The reader then learns that Lecter and Starling are living together in an "exquisite" Beaux Arts mansion, where they employ servants and engage in activities such as learning new languages and dancing together and building their own respective memory palaces, and is told that "Sex is a splendid structure they add to every day", that the psychoactive drugs "have had no part in their lives for a long time", and that Lecter is "satisfied" with the fact that Mischa cannot return.

==Films==
In the film adaptation of The Silence of the Lambs, Starling's role remains relatively unchanged from the book. However, the film adaptation of Hannibal significantly diverges from the novel's conclusion. In the film, Lecter neither attempts to brainwash Starling nor feeds her Krendler's brain (although he does feed portions of it to Krendler himself); instead, Starling tries to apprehend Lecter, but he overpowers her and she handcuffs both of them to the refrigerator in an attempt to keep him in the house before the imminent arrival of the police. Lecter then cuts off his own hand and escapes, leaving Starling to explain the situation to the police. He is later seen on a plane, apparently fleeing the country again.

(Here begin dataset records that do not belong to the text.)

(* Let $n$ and $i$ be positive integers with $i<n/3$. Then there exists a partition $\mathfrak p$ of $n$ such that: (1) if $n\neq 4i+2$ and $(n,i)\neq(8,1)$, then for every integer $1\le m\le n$, $m$ is a partial sum of $\mathfrak p$ if and only if $m\notin\{i,\,n-i\}$; (2) if $n=4i+2$ or $(n,i)=(8,1)$, then for every integer $1\le m\le n$, $m$ is a partial sum of $\mathfrak p$ if and only if $m\notin\{i,\,n-i,\,n/2\}$.
   Context: A partition of $n$ is a finite multiset $(a_1,\dots,a_t)$ of positive integers with sum $n$. An integer $m$ is a partial sum of the partition $(a_1,\dots,a_t)$ if $m=a_{j_1}+\cdots+a_{j_\ell}$ for some $\ell\ge1$ and indices $1\le j_1<\dots<j_\ell\le t$. *)

theory Defs
  imports Main "HOL-Library.Multiset"
begin

definition is_partition :: "nat multiset \<Rightarrow> nat \<Rightarrow> bool" where
  "is_partition p n \<longleftrightarrow> (\<forall>a \<in># p. 0 < a) \<and> sum_mset p = n"

definition partial_sum :: "nat \<Rightarrow> nat multiset \<Rightarrow> bool" where
  "partial_sum m p \<longleftrightarrow> (\<exists>q. q \<subseteq># p \<and> q \<noteq> {#} \<and> sum_mset q = m)"

end

theory Submission
  imports Defs
begin

text \<open>Call a multiset \<open>p\<close> of positive integers with sum \<open>N\<close> an \<open>i\<close>-gap multiset if its
  subsums are exactly \<open>{0..N} - {i, N - i}\<close>. Adding a part \<open>c\<close> with \<open>i < c \<le> N - i\<close> and
  \<open>c + 2 i \<noteq> N\<close> yields an \<open>i\<close>-gap multiset again, since the shifted copy of the subsums fills
  the old gap \<open>N - i\<close> and everything above \<open>N\<close> except \<open>N + c - i\<close>. Starting from
  \<open>{i + 1, 1, ..., 1}\<close> (sum \<open>2 i\<close>) one reaches every \<open>N\<close> in \<open>3 i + 1 .. 4 i + 1\<close>, and then
  repeatedly adding parts \<open>i + 1\<close> covers every larger \<open>N\<close>, except the residue class of
  \<open>4 i + 2\<close>, which needs one extra base case.\<close>

definition subsums :: "nat multiset \<Rightarrow> nat set" where
  "subsums p = sum_mset ` {q. q \<subseteq># p}"

lemma subsums_empty [simp]: "subsums {#} = {0}"
  by (simp add: subsums_def)

lemma mem_subsums_add_mset:
  "x \<in> subsums (add_mset c p) \<longleftrightarrow> x \<in> subsums p \<or> (c \<le> x \<and> x - c \<in> subsums p)"
proof
  assume "x \<in> subsums (add_mset c p)"
  then obtain q where q: "q \<subseteq># add_mset c p" "x = sum_mset q"
    by (auto simp: subsums_def)
  show "x \<in> subsums p \<or> (c \<le> x \<and> x - c \<in> subsums p)"
  proof (cases "c \<in># q")
    case True
    then obtain r where "q = add_mset c r"
      by (metis mset_add)
    with q show ?thesis
      by (auto simp: subsums_def)
  next
    case False
    with q have "q \<subseteq># p"
      by (metis diff_single_trivial subset_eq_diff_conv add_mset_add_single)
    with q show ?thesis
      by (auto simp: subsums_def)
  qed
next
  assume "x \<in> subsums p \<or> (c \<le> x \<and> x - c \<in> subsums p)"
  then show "x \<in> subsums (add_mset c p)"
  proof
    assume "x \<in> subsums p"
    then obtain q where "q \<subseteq># p" "x = sum_mset q"
      by (auto simp: subsums_def)
    moreover have "q \<subseteq># add_mset c p"
      using calculation(1) by (metis add_mset_add_single mset_subset_eq_add_left subset_mset.order_trans)
    ultimately show ?thesis
      unfolding subsums_def by blast
  next
    assume x: "c \<le> x \<and> x - c \<in> subsums p"
    then obtain q where "q \<subseteq># p" "x - c = sum_mset q"
      by (auto simp: subsums_def)
    then have "add_mset c q \<subseteq># add_mset c p" "x = sum_mset (add_mset c q)"
      using x by auto
    then show ?thesis
      unfolding subsums_def by blast
  qed
qed

lemma subsums_replicate_one: "subsums (replicate_mset k 1) = {0..k}"
proof (induction k)
  case (Suc k)
  show ?case
    unfolding set_eq_iff replicate_mset_Suc mem_subsums_add_mset Suc by auto
qed simp

definition gap_multiset :: "nat \<Rightarrow> nat multiset \<Rightarrow> bool" where
  "gap_multiset i p \<longleftrightarrow>
     (\<forall>a \<in># p. 0 < a) \<and> subsums p = {0..sum_mset p} - {i, sum_mset p - i}"

lemma gap_interval_shift_union_iff:
  fixes N c i x :: nat
  assumes "i < c"
    and "N = 2 * i \<and> c \<le> 2 * i + 1 \<or> c + i \<le> N \<and> c + 2 * i \<noteq> N"
  shows "(x \<in> {0..N} - {i, N - i} \<or> (c \<le> x \<and> x - c \<in> {0..N} - {i, N - i}))
           \<longleftrightarrow> x \<in> {0..N + c} - {i, N + c - i}"
proof (cases "c \<le> x")
  case True
  then obtain y where "x = y + c"
    by (metis add.commute le_add_diff_inverse)
  then show ?thesis
    using assms by auto
next
  case False
  then show ?thesis
    using assms by auto
qed

lemma gap_multiset_add_mset:
  assumes p: "gap_multiset i p" and "i < c"
    \<comment> \<open>for \<open>sum_mset p = 2 * i\<close> the two gaps coincide, which weakens the constraint on \<open>c\<close>\<close>
    and c: "sum_mset p = 2 * i \<and> c \<le> 2 * i + 1 \<or> c + i \<le> sum_mset p \<and> c + 2 * i \<noteq> sum_mset p"
  shows "gap_multiset i (add_mset c p)"
proof -
  have "x \<in> subsums (add_mset c p) \<longleftrightarrow> x \<in> {0..sum_mset p + c} - {i, sum_mset p + c - i}" for x
    using p gap_interval_shift_union_iff[OF \<open>i < c\<close> c, of x]
    unfolding mem_subsums_add_mset gap_multiset_def by simp
  then have "subsums (add_mset c p) = {0..sum_mset (add_mset c p)} - {i, sum_mset (add_mset c p) - i}"
    by (simp add: set_eq_iff add.commute)
  with p \<open>i < c\<close> show ?thesis
    by (simp add: gap_multiset_def)
qed

lemma gap_multiset_base:
  assumes "0 < i"
  shows "gap_multiset i (add_mset (i + 1) (replicate_mset (i - 1) 1))"
  using assms unfolding gap_multiset_def set_eq_iff mem_subsums_add_mset subsums_replicate_one
  by auto

lemma subsums_three_copies:
  assumes "0 < i"
  shows "subsums (add_mset (i + 1) (add_mset (i + 1) (add_mset (i + 1) (replicate_mset (i - 1) 1))))
           = {0..4 * i + 2} - {i, 2 * i + 1, 3 * i + 2}"
proof -
  define q where "q = add_mset (i + 1) (add_mset (i + 1) (replicate_mset (i - 1) 1))"
  have "gap_multiset i q"
    unfolding q_def by (rule gap_multiset_add_mset[OF gap_multiset_base[OF assms]]) (use assms in auto)
  moreover have "sum_mset q = 3 * i + 1"
    using assms by (simp add: q_def)
  ultimately have q: "subsums q = {0..3 * i + 1} - {i, 2 * i + 1}"
    by (simp add: gap_multiset_def)
  have "x \<in> subsums (add_mset (i + 1) q) \<longleftrightarrow> x \<in> {0..4 * i + 2} - {i, 2 * i + 1, 3 * i + 2}" for x
  proof (cases "i + 1 \<le> x")
    case True
    then obtain y where "x = y + (i + 1)"
      by (metis add.commute le_add_diff_inverse)
    then show ?thesis
      unfolding mem_subsums_add_mset q by auto
  next
    case False
    then show ?thesis
      unfolding mem_subsums_add_mset q by auto
  qed
  then show ?thesis
    unfolding q_def[symmetric] by blast
qed

lemma subsums_2_3_3: "subsums {#2, 3, 3#} = {0..8} - {1, 4, 7}"
  by (auto simp: set_eq_iff mem_subsums_add_mset)

lemma gap_multiset_exists:
  assumes "0 < i" "3 * i < N" "N \<noteq> 4 * i + 2" "(N, i) \<noteq> (8, 1)"
  shows "\<exists>p. gap_multiset i p \<and> sum_mset p = N"
  using assms(2-4)
proof (induction N rule: less_induct)
  case (less N)
  define B where "B = add_mset (i + 1) (replicate_mset (i - 1) 1)"
  have B: "gap_multiset i B" "sum_mset B = 2 * i"
    using gap_multiset_base[OF \<open>0 < i\<close>] \<open>0 < i\<close> by (simp_all add: B_def)
  \<comment> \<open>\<open>5 i + 3\<close> (resp. \<open>10\<close> for \<open>i = 1\<close>) is the base of the residue class of \<open>4 i + 2\<close>\<close>
  consider "N \<le> 4 * i + 1" | "2 \<le> i" "N = 5 * i + 3" | "i = 1" "N = 10"
    | "4 * i + 3 \<le> N" "N - (i + 1) \<noteq> 4 * i + 2" "(N - (i + 1), i) \<noteq> (8, 1)"
    using less.prems \<open>0 < i\<close> by fastforce
  then show ?case
  proof cases
    case 1
    then show ?thesis
      using B less.prems
      by (intro exI[of _ "add_mset (N - 2 * i) B"] conjI gap_multiset_add_mset) auto
  next
    case 2
    then show ?thesis
      using B
      by (intro exI[of _ "add_mset (2 * i + 1) (add_mset (i + 2) B)"] conjI
          gap_multiset_add_mset) auto
  next
    case 3
    then show ?thesis
      using B
      by (intro exI[of _ "add_mset (i + 2) (add_mset (i + 1) (add_mset (i + 2) B))"] conjI
          gap_multiset_add_mset) auto
  next
    case 4
    then have "3 * i < N - (i + 1)"
      by linarith
    then obtain p where "gap_multiset i p" "sum_mset p = N - (i + 1)"
      using less.IH[of "N - (i + 1)"] 4 \<open>0 < i\<close> by auto
    with 4 show ?thesis
      by (intro exI[of _ "add_mset (i + 1) p"] conjI gap_multiset_add_mset) auto
  qed
qed

lemma partial_sum_iff_mem_subsums:
  assumes "0 < m"
  shows "partial_sum m p \<longleftrightarrow> m \<in> subsums p"
  using assms by (force simp: partial_sum_def subsums_def)

lemma partition_with_subsums:
  assumes "\<forall>a \<in># p. 0 < a" "sum_mset p = n" "subsums p = {0..n} - X"
  shows "is_partition p n \<and> (\<forall>m. 1 \<le> m \<and> m \<le> n \<longrightarrow> (partial_sum m p \<longleftrightarrow> m \<notin> X))"
  using assms by (auto simp: is_partition_def partial_sum_iff_mem_subsums)

theorem lemma2p1:
  fixes n i :: nat
  assumes "0 < i" and "0 < n" and "3 * i < n"
  shows "\<exists>p. is_partition p n \<and>
    ((n \<noteq> 4 * i + 2 \<and> (n, i) \<noteq> (8, 1)) \<longrightarrow>
       (\<forall>m. 1 \<le> m \<and> m \<le> n \<longrightarrow> (partial_sum m p \<longleftrightarrow> m \<notin> {i, n - i}))) \<and>
    ((n = 4 * i + 2 \<or> (n, i) = (8, 1)) \<longrightarrow>
       (\<forall>m. 1 \<le> m \<and> m \<le> n \<longrightarrow> (partial_sum m p \<longleftrightarrow> m \<notin> {i, n - i} \<and> 2 * m \<noteq> n)))"
proof -
  let ?X = "{m. m \<in> {i, n - i} \<or> 2 * m = n}"
  consider "n = 4 * i + 2" | "(n, i) = (8, 1)" | "n \<noteq> 4 * i + 2" "(n, i) \<noteq> (8, 1)"
    by blast
  then show ?thesis
  proof cases
    case 1
    let ?p = "add_mset (i + 1) (add_mset (i + 1) (add_mset (i + 1) (replicate_mset (i - 1) 1)))"
    have "{i, 2 * i + 1, 3 * i + 2} = ?X"
      using 1 by auto
    then have "is_partition ?p n \<and> (\<forall>m. 1 \<le> m \<and> m \<le> n \<longrightarrow> (partial_sum m ?p \<longleftrightarrow> m \<notin> ?X))"
      using 1 \<open>0 < i\<close> subsums_three_copies[OF \<open>0 < i\<close>] by (intro partition_with_subsums) auto
    with 1 show ?thesis
      by auto
  next
    case 2
    have "{1, 4, 7} = ?X"
      using 2 by auto
    then have "is_partition {#2, 3, 3#} n \<and>
        (\<forall>m. 1 \<le> m \<and> m \<le> n \<longrightarrow> (partial_sum m {#2, 3, 3#} \<longleftrightarrow> m \<notin> ?X))"
      using 2 subsums_2_3_3 by (intro partition_with_subsums) auto
    with 2 show ?thesis
      by auto
  next
    case 3
    then obtain p where "gap_multiset i p" "sum_mset p = n"
      using gap_multiset_exists assms by blast
    then have "is_partition p n \<and> (\<forall>m. 1 \<le> m \<and> m \<le> n \<longrightarrow> (partial_sum m p \<longleftrightarrow> m \<notin> {i, n - i}))"
      by (intro partition_with_subsums) (auto simp: gap_multiset_def)
    with 3 show ?thesis
      by auto
  qed
qed

end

Although she won the Academy Award for Best Actress for playing Starling in The Silence of the Lambs, Jodie Foster decided not to reprise her role in Hannibal. Julianne Moore portrayed the character in the sequel, with Anthony Hopkins himself recommending her for the role after his previous experience working with her in the film Surviving Picasso.

==Television==
===Lifetime===
In May 2012, Lifetime announced that they were developing a television series centered on Clarice Starling after her graduation from the FBI academy, titled Clarice, which was to be produced by MGM. The project did not go forward.

===NBC===
Bryan Fuller, the creator of the TV series Hannibal, stated prior to the show's cancellation his desire to include Clarice Starling as a character in the fifth season, provided that he could get the rights from MGM. He said that he planned for the show's fifth season to cover the events of The Silence of the Lambs, and the sixth to cover the events of Hannibal, with the seventh to be an original storyline resolving Hannibals ending. Since the series' cancellation, Fuller has stated that should the series continue and should they obtain rights to adapt The Silence of the Lambs, Elliot Page or a person of color would be ideal casting for the role of Clarice Starling.

===CBS===

CBS developed the Clarice TV series as a sequel to The Silence of the Lambs set in 1993, created by Alex Kurtzman and Jenny Lumet. The series stars Rebecca Breeds as the titular character, along with Lucca De Oliveira, Devyn A. Tyler, Kal Penn, Nick Sandow, Michael Cudlitz, and Marnee Carpenter, and premiered on February 11, 2021, on CBS. It was effectively cancelled in June after one season because of low ratings and the breakdown of talks concerning the series' planned move from CBS to Paramount+.